■ **Stored data entries**:
▼

(* For every $T\in\mathcal{D}_H'(\mathbb{R}^d)$ the map $M_T:\mathcal{D}(\mathbb{R}^d)\to\mathcal{D}(\mathbb{R}^d)$ is a continuous linear operator.
   Context: $\mathbb{R}_*=\mathbb{R}\setminus\{0\}$; $\xi y=(\xi_1y_1,\dots,\xi_dy_d)$. $\mathcal{D}_H'(\mathbb{R}^d)$ is the set of distributions $T\in\mathcal{D}'(\mathbb{R}^d)$ such that for every $\varphi\in\mathcal{D}(\mathbb{R}^d)$ the function $y\mapsto T_\xi\varphi(\xi y)$, $y\in\mathbb{R}_*^d$, is the restriction of a function in $\mathcal{D}(\mathbb{R}^d)$. For $T\in\mathcal{D}_H'(\mathbb{R}^d)$, $M_T\varphi$ denotes this (unique continuous) extension. *)

theory Defs
  imports "HOL-Analysis.Analysis"
begin

text \<open>Test functions on R^d (complex valued), the index type 'd stands for {1..d}.\<close>

definition pdiff :: "'d::finite \<Rightarrow> (real^'d \<Rightarrow> complex) \<Rightarrow> (real^'d \<Rightarrow> complex)" where
  "pdiff i f = (\<lambda>x. frechet_derivative f (at x) (axis i 1))"

fun Dmulti :: "'d::finite list \<Rightarrow> (real^'d \<Rightarrow> complex) \<Rightarrow> (real^'d \<Rightarrow> complex)" where
  "Dmulti [] f = f"
| "Dmulti (i # is) f = pdiff i (Dmulti is f)"

definition smooth :: "(real^'d::finite \<Rightarrow> complex) \<Rightarrow> bool" where
  "smooth f \<longleftrightarrow> (\<forall>is x. Dmulti is f differentiable (at x))"

definition tsupport :: "(real^'d::finite \<Rightarrow> complex) \<Rightarrow> (real^'d) set" where
  "tsupport f = closure {x. f x \<noteq> 0}"

definition test_fun :: "(real^'d::finite \<Rightarrow> complex) \<Rightarrow> bool" where
  "test_fun f \<longleftrightarrow> smooth f \<and> compact (tsupport f)"

definition D_conv :: "(nat \<Rightarrow> real^'d::finite \<Rightarrow> complex) \<Rightarrow> (real^'d \<Rightarrow> complex) \<Rightarrow> bool" where
  "D_conv \<phi> \<psi> \<longleftrightarrow> (\<forall>n. test_fun (\<phi> n)) \<and> test_fun \<psi> \<and>
     (\<exists>K. compact K \<and> (\<forall>n. tsupport (\<phi> n) \<subseteq> K)) \<and>
     (\<forall>is. uniform_limit UNIV (\<lambda>n. Dmulti is (\<phi> n)) (Dmulti is \<psi>) sequentially)"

▲

■ **What to work on**: What is the number of lines in the entries above that hold the string "where"? Please state that number alone.

■ **Worked solution**: 6